═══ Given entries
(* Let $S$ be an $E$-unitary inverse semigroup, $A$ a semilattice of groups, $\Lambda=(\alpha,\lambda,f)$ a Sieben twisted $S$-module structure on $A$, $\Theta=\Theta^\Lambda=(\theta,w)$ the corresponding twisted partial action of $\mathcal G(S)$ on $A$, and $\Lambda'=\Lambda^\Theta=(\alpha',\lambda',f')$ the corresponding twisted $E(A)*_\theta\mathcal G(S)$-module structure on $A$. Then there exists an isomorphism $\nu:S\to E(A)*_\theta\mathcal G(S)$ such that $\alpha=\alpha'\circ\nu|_{E(S)}$, $\lambda=\lambda'\circ\nu$ and $f=f'\circ(\nu\times\nu)$.
   Context: A semilattice of groups is an inverse semigroup $A$ with central idempotents; $A_e=\{a: aa^{-1}=a^{-1}a=e\}$. $\sigma$ is the minimum group congruence, $\mathcal G(S)=S/\sigma$; $E$-unitary: $e\le s$, $e\in E(S)$ imply $s\in E(S)$. A twisted $S$-module structure $(\alpha,\lambda,f)$: $\alpha:E(S)\to E(A)$ isomorphism, $\lambda_s$ relatively invertible endomorphisms of $A$ (there exist $\bar\varphi\in\mathrm{End}\,A$, $e_\varphi\in E(A)$ with $\bar\varphi\varphi(a)=e_\varphi a$, $\varphi\bar\varphi(a)=\varphi(e_\varphi)a$, $e_\varphi$ identity of $\bar\varphi(A)$, $\varphi(e_\varphi)$ identity of $\varphi(A)$), $f(s,t)\in A_{\alpha(stt^{-1}s^{-1})}$, with (i) $\lambda_e(a)=\alpha(e)a$; (ii) $\lambda_s(\alpha(e))=\alpha(ses^{-1})$; (iii) $\lambda_s\lambda_t(a)=f(s,t)\lambda_{st}(a)f(s,t)^{-1}$; (iv) $f(se,e)=\alpha(ses^{-1})$, $f(e,es)=\alpha(ess^{-1})$; (v) $\lambda_s(f(t,u))f(s,tu)=f(s,t)f(st,u)$; Sieben: also $f(s,e)=\alpha(ses^{-1})$, $f(e,s)=\alpha(ess^{-1})$. $\Theta^\Lambda=(\theta,w)$ (a twisted partial action of $\mathcal G(S)$ on $A$, in the sense of a family of isomorphisms $\theta_x:D_{x^{-1}}\to D_x$ of ideals and invertible multipliers $w_{x,y}$ of $D_xD_{xy}$): $D_x=\bigsqcup_{s\in x}A_{\alpha(ss^{-1})}$; $\theta_x(a)=\lambda_s(a)$ for $a\in D_{x^{-1}}$, $s\in x$ unique with $\alpha(s^{-1}s)=aa^{-1}$; $w_{x,y}a=f(s,s^{-1}t)a$, $aw_{x,y}=af(s,s^{-1}t)$ for $a\in D_xD_{xy}$, $s\in x$, $t\in xy$ unique with $\alpha(ss^{-1})=\alpha(tt^{-1})=aa^{-1}$. The $\theta_x$ restrict to a partial action $\theta$ on $E(A)$, and $E(A)*_\theta\mathcal G(S)=\{e\delta_x: e\in E(D_x)\}$ with $e\delta_x\cdot e'\delta_y=\theta_x(\theta_x^{-1}(e)e')\delta_{xy}$. $\Lambda^\Theta=(\alpha',\lambda',f')$: $\alpha'(e\delta_1)=e$, $\lambda'_{e\delta_x}(a)=\theta_x(\theta_x^{-1}(e)a)$, $f'(e\delta_x,e'\delta_y)=\theta_x(\theta_x^{-1}(e)e')w_{x,y}$ (element of $D_xD_{xy}$ times multiplier). *)

theory Defs
  imports Main
begin

definition inverse_semigroup :: "'s set \<Rightarrow> ('s \<Rightarrow> 's \<Rightarrow> 's) \<Rightarrow> bool" where
  "inverse_semigroup S m \<longleftrightarrow>
     (\<forall>x\<in>S. \<forall>y\<in>S. m x y \<in> S) \<and>
     (\<forall>x\<in>S. \<forall>y\<in>S. \<forall>z\<in>S. m (m x y) z = m x (m y z)) \<and>
     (\<forall>x\<in>S. \<exists>!y. y \<in> S \<and> m (m x y) x = x \<and> m (m y x) y = y)"

definition sinv :: "'s set \<Rightarrow> ('s \<Rightarrow> 's \<Rightarrow> 's) \<Rightarrow> 's \<Rightarrow> 's" where
  "sinv S m x = (THE y. y \<in> S \<and> m (m x y) x = x \<and> m (m y x) y = y)"

definition idems :: "'s set \<Rightarrow> ('s \<Rightarrow> 's \<Rightarrow> 's) \<Rightarrow> 's set" where
  "idems S m = {e \<in> S. m e e = e}"

definition nat_le :: "'s set \<Rightarrow> ('s \<Rightarrow> 's \<Rightarrow> 's) \<Rightarrow> 's \<Rightarrow> 's \<Rightarrow> bool" where
  "nat_le S m s t \<longleftrightarrow> s \<in> S \<and> t \<in> S \<and> (\<exists>e\<in>idems S m. s = m e t)"

definition E_unitary :: "'s set \<Rightarrow> ('s \<Rightarrow> 's \<Rightarrow> 's) \<Rightarrow> bool" where
  "E_unitary S m \<longleftrightarrow> (\<forall>e\<in>idems S m. \<forall>s\<in>S. nat_le S m e s \<longrightarrow> s \<in> idems S m)"

definition sigma :: "'s set \<Rightarrow> ('s \<Rightarrow> 's \<Rightarrow> 's) \<Rightarrow> ('s \<times> 's) set" where
  "sigma S m = {(s, t). s \<in> S \<and> t \<in> S \<and> (\<exists>e\<in>idems S m. m e s = m e t)}"

definition GS :: "'s set \<Rightarrow> ('s \<Rightarrow> 's \<Rightarrow> 's) \<Rightarrow> 's set set" where
  "GS S m = S // sigma S m"

definition gmul :: "'s set \<Rightarrow> ('s \<Rightarrow> 's \<Rightarrow> 's) \<Rightarrow> 's set \<Rightarrow> 's set \<Rightarrow> 's set" where
  "gmul S m x y = sigma S m `` {m (SOME s. s \<in> x) (SOME t. t \<in> y)}"

definition ginv :: "'s set \<Rightarrow> ('s \<Rightarrow> 's \<Rightarrow> 's) \<Rightarrow> 's set \<Rightarrow> 's set" where
  "ginv S m x = sigma S m `` {sinv S m (SOME s. s \<in> x)}"

definition semilattice_of_groups :: "'a set \<Rightarrow> ('a \<Rightarrow> 'a \<Rightarrow> 'a) \<Rightarrow> bool" where
  "semilattice_of_groups A m \<longleftrightarrow> inverse_semigroup A m \<and>
     (\<forall>e\<in>idems A m. \<forall>a\<in>A. m e a = m a e)"

definition Agrp :: "'a set \<Rightarrow> ('a \<Rightarrow> 'a \<Rightarrow> 'a) \<Rightarrow> 'a \<Rightarrow> 'a set" where
  "Agrp A m e = {a \<in> A. m a (sinv A m a) = e \<and> m (sinv A m a) a = e}"

definition endo :: "'a set \<Rightarrow> ('a \<Rightarrow> 'a \<Rightarrow> 'a) \<Rightarrow> ('a \<Rightarrow> 'a) \<Rightarrow> bool" where
  "endo A m \<phi> \<longleftrightarrow> (\<forall>a\<in>A. \<phi> a \<in> A) \<and> (\<forall>a\<in>A. \<forall>b\<in>A. \<phi> (m a b) = m (\<phi> a) (\<phi> b))"

definition is_identity_of :: "('a \<Rightarrow> 'a \<Rightarrow> 'a) \<Rightarrow> 'a \<Rightarrow> 'a set \<Rightarrow> bool" where
  "is_identity_of m e B \<longleftrightarrow> e \<in> B \<and> (\<forall>b\<in>B. m e b = b \<and> m b e = b)"

definition rel_invertible :: "'a set \<Rightarrow> ('a \<Rightarrow> 'a \<Rightarrow> 'a) \<Rightarrow> ('a \<Rightarrow> 'a) \<Rightarrow> bool" where
  "rel_invertible A m \<phi> \<longleftrightarrow> (\<exists>\<psi> e. endo A m \<psi> \<and> e \<in> idems A m \<and>
     (\<forall>a\<in>A. \<psi> (\<phi> a) = m e a) \<and> (\<forall>a\<in>A. \<phi> (\<psi> a) = m (\<phi> e) a) \<and>
     is_identity_of m e (\<psi> ` A) \<and> is_identity_of m (\<phi> e) (\<phi> ` A))"

definition twisted_module ::
  "'s set \<Rightarrow> ('s \<Rightarrow> 's \<Rightarrow> 's) \<Rightarrow> 'a set \<Rightarrow> ('a \<Rightarrow> 'a \<Rightarrow> 'a) \<Rightarrow>
   ('s \<Rightarrow> 'a) \<Rightarrow> ('s \<Rightarrow> 'a \<Rightarrow> 'a) \<Rightarrow> ('s \<Rightarrow> 's \<Rightarrow> 'a) \<Rightarrow> bool" where
  "twisted_module S mS A mA \<alpha> lam f \<longleftrightarrow>
     bij_betw \<alpha> (idems S mS) (idems A mA) \<and>
     (\<forall>e\<in>idems S mS. \<forall>e'\<in>idems S mS. \<alpha> (mS e e') = mA (\<alpha> e) (\<alpha> e')) \<and>
     (\<forall>s\<in>S. endo A mA (lam s) \<and> rel_invertible A mA (lam s)) \<and>
     (\<forall>s\<in>S. \<forall>t\<in>S. f s t \<in> Agrp A mA (\<alpha> (mS (mS (mS s t) (sinv S mS t)) (sinv S mS s)))) \<and>
     (\<forall>e\<in>idems S mS. \<forall>a\<in>A. lam e a = mA (\<alpha> e) a) \<and>
     (\<forall>s\<in>S. \<forall>e\<in>idems S mS. lam s (\<alpha> e) = \<alpha> (mS (mS s e) (sinv S mS s))) \<and>
     (\<forall>s\<in>S. \<forall>t\<in>S. \<forall>a\<in>A.
        lam s (lam t a) = mA (mA (f s t) (lam (mS s t) a)) (sinv A mA (f s t))) \<and>
     (\<forall>s\<in>S. \<forall>e\<in>idems S mS.
        f (mS s e) e = \<alpha> (mS (mS s e) (sinv S mS s)) \<and>
        f e (mS e s) = \<alpha> (mS (mS e s) (sinv S mS s))) \<and>
     (\<forall>s\<in>S. \<forall>t\<in>S. \<forall>u\<in>S.
        mA (lam s (f t u)) (f s (mS t u)) = mA (f s t) (f (mS s t) u))"

definition sieben_twisted_module ::
  "'s set \<Rightarrow> ('s \<Rightarrow> 's \<Rightarrow> 's) \<Rightarrow> 'a set \<Rightarrow> ('a \<Rightarrow> 'a \<Rightarrow> 'a) \<Rightarrow>
   ('s \<Rightarrow> 'a) \<Rightarrow> ('s \<Rightarrow> 'a \<Rightarrow> 'a) \<Rightarrow> ('s \<Rightarrow> 's \<Rightarrow> 'a) \<Rightarrow> bool" where
  "sieben_twisted_module S mS A mA \<alpha> lam f \<longleftrightarrow> twisted_module S mS A mA \<alpha> lam f \<and>
     (\<forall>s\<in>S. \<forall>e\<in>idems S mS.
        f s e = \<alpha> (mS (mS s e) (sinv S mS s)) \<and>
        f e s = \<alpha> (mS (mS e s) (sinv S mS s)))"

definition Dx :: "'s set \<Rightarrow> ('s \<Rightarrow> 's \<Rightarrow> 's) \<Rightarrow> 'a set \<Rightarrow> ('a \<Rightarrow> 'a \<Rightarrow> 'a) \<Rightarrow>
    ('s \<Rightarrow> 'a) \<Rightarrow> 's set \<Rightarrow> 'a set" where
  "Dx S mS A mA \<alpha> x = (\<Union>s\<in>x. Agrp A mA (\<alpha> (mS s (sinv S mS s))))"

text \<open>\<open>\<theta>\<^sub>x(a) = \<lambda>\<^sub>s(a)\<close>, \<open>s \<in> x\<close> unique with \<open>\<alpha>(s\<^sup>-\<^sup>1s) = a a\<^sup>-\<^sup>1\<close> (for \<open>a \<in> D\<^sub>x\<^sub>\<^sup>-\<^sup>1\<close>).\<close>
definition theta :: "'s set \<Rightarrow> ('s \<Rightarrow> 's \<Rightarrow> 's) \<Rightarrow> 'a set \<Rightarrow> ('a \<Rightarrow> 'a \<Rightarrow> 'a) \<Rightarrow>
    ('s \<Rightarrow> 'a) \<Rightarrow> ('s \<Rightarrow> 'a \<Rightarrow> 'a) \<Rightarrow> 's set \<Rightarrow> 'a \<Rightarrow> 'a" where
  "theta S mS A mA \<alpha> lam x a =
     lam (THE s. s \<in> x \<and> \<alpha> (mS (sinv S mS s) s) = mA a (sinv A mA a)) a"

definition theta_inv :: "'s set \<Rightarrow> ('s \<Rightarrow> 's \<Rightarrow> 's) \<Rightarrow> 'a set \<Rightarrow> ('a \<Rightarrow> 'a \<Rightarrow> 'a) \<Rightarrow>
    ('s \<Rightarrow> 'a) \<Rightarrow> ('s \<Rightarrow> 'a \<Rightarrow> 'a) \<Rightarrow> 's set \<Rightarrow> 'a \<Rightarrow> 'a" where
  "theta_inv S mS A mA \<alpha> lam x =
     inv_into (Dx S mS A mA \<alpha> (ginv S mS x)) (theta S mS A mA \<alpha> lam x)"

text \<open>Right action of the multiplier \<open>w\<^sub>x\<^sub>,\<^sub>y\<close> on \<open>a \<in> D\<^sub>x D\<^sub>x\<^sub>y\<close>:
  \<open>a w\<^sub>x\<^sub>,\<^sub>y = a f(s, s\<^sup>-\<^sup>1t)\<close>, \<open>s \<in> x\<close>, \<open>t \<in> xy\<close> unique with \<open>\<alpha>(ss\<^sup>-\<^sup>1) = \<alpha>(tt\<^sup>-\<^sup>1) = aa\<^sup>-\<^sup>1\<close>.\<close>
definition w_right :: "'s set \<Rightarrow> ('s \<Rightarrow> 's \<Rightarrow> 's) \<Rightarrow> 'a set \<Rightarrow> ('a \<Rightarrow> 'a \<Rightarrow> 'a) \<Rightarrow>
    ('s \<Rightarrow> 'a) \<Rightarrow> ('s \<Rightarrow> 's \<Rightarrow> 'a) \<Rightarrow> 's set \<Rightarrow> 's set \<Rightarrow> 'a \<Rightarrow> 'a" where
  "w_right S mS A mA \<alpha> f x y a =
     (let s = (THE s. s \<in> x \<and> \<alpha> (mS s (sinv S mS s)) = mA a (sinv A mA a));
          t = (THE t. t \<in> gmul S mS x y \<and> \<alpha> (mS t (sinv S mS t)) = mA a (sinv A mA a))
      in mA a (f s (mS (sinv S mS s) t)))"

text \<open>Elements \<open>e\<delta>\<^sub>x\<close> are represented as pairs \<open>(e, x)\<close>.\<close>
definition cp_carrier :: "'s set \<Rightarrow> ('s \<Rightarrow> 's \<Rightarrow> 's) \<Rightarrow> 'a set \<Rightarrow> ('a \<Rightarrow> 'a \<Rightarrow> 'a) \<Rightarrow>
    ('s \<Rightarrow> 'a) \<Rightarrow> ('a \<times> 's set) set" where
  "cp_carrier S mS A mA \<alpha> =
     {(e, x). x \<in> GS S mS \<and> e \<in> idems A mA \<and> e \<in> Dx S mS A mA \<alpha> x}"

definition cp_mul :: "'s set \<Rightarrow> ('s \<Rightarrow> 's \<Rightarrow> 's) \<Rightarrow> 'a set \<Rightarrow> ('a \<Rightarrow> 'a \<Rightarrow> 'a) \<Rightarrow>
    ('s \<Rightarrow> 'a) \<Rightarrow> ('s \<Rightarrow> 'a \<Rightarrow> 'a) \<Rightarrow> 'a \<times> 's set \<Rightarrow> 'a \<times> 's set \<Rightarrow> 'a \<times> 's set" where
  "cp_mul S mS A mA \<alpha> lam p q =
     (theta S mS A mA \<alpha> lam (snd p) (mA (theta_inv S mS A mA \<alpha> lam (snd p) (fst p)) (fst q)),
      gmul S mS (snd p) (snd q))"

text \<open>\<open>\<alpha>'(e\<delta>\<^sub>1) = e\<close> (only used on idempotents \<open>e\<delta>\<^sub>1\<close>).\<close>
definition alpha' :: "'a \<times> 's set \<Rightarrow> 'a" where
  "alpha' p = fst p"

definition lambda' :: "'s set \<Rightarrow> ('s \<Rightarrow> 's \<Rightarrow> 's) \<Rightarrow> 'a set \<Rightarrow> ('a \<Rightarrow> 'a \<Rightarrow> 'a) \<Rightarrow>
    ('s \<Rightarrow> 'a) \<Rightarrow> ('s \<Rightarrow> 'a \<Rightarrow> 'a) \<Rightarrow> 'a \<times> 's set \<Rightarrow> 'a \<Rightarrow> 'a" where
  "lambda' S mS A mA \<alpha> lam p a =
     theta S mS A mA \<alpha> lam (snd p) (mA (theta_inv S mS A mA \<alpha> lam (snd p) (fst p)) a)"

definition f' :: "'s set \<Rightarrow> ('s \<Rightarrow> 's \<Rightarrow> 's) \<Rightarrow> 'a set \<Rightarrow> ('a \<Rightarrow> 'a \<Rightarrow> 'a) \<Rightarrow>
    ('s \<Rightarrow> 'a) \<Rightarrow> ('s \<Rightarrow> 'a \<Rightarrow> 'a) \<Rightarrow> ('s \<Rightarrow> 's \<Rightarrow> 'a) \<Rightarrow>
    'a \<times> 's set \<Rightarrow> 'a \<times> 's set \<Rightarrow> 'a" where
  "f' S mS A mA \<alpha> lam f p q =
     w_right S mS A mA \<alpha> f (snd p) (snd q)
       (theta S mS A mA \<alpha> lam (snd p) (mA (theta_inv S mS A mA \<alpha> lam (snd p) (fst p)) (fst q)))"

end

theory Submission
  imports Defs
begin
══════
What to work on: Wherever the word "Agrp" appears in the listing above, copy the whole line.

Result of the exercise:
definition Agrp :: "'a set \<Rightarrow> ('a \<Rightarrow> 'a \<Rightarrow> 'a) \<Rightarrow> 'a \<Rightarrow> 'a set" where
  "Agrp A m e = {a \<in> A. m a (sinv A m a) = e \<and> m (sinv A m a) a = e}"
     (\<forall>s\<in>S. \<forall>t\<in>S. f s t \<in> Agrp A mA (\<alpha> (mS (mS (mS s t) (sinv S mS t)) (sinv S mS s)))) \<and>
  "Dx S mS A mA \<alpha> x = (\<Union>s\<in>x. Agrp A mA (\<alpha> (mS s (sinv S mS s))))"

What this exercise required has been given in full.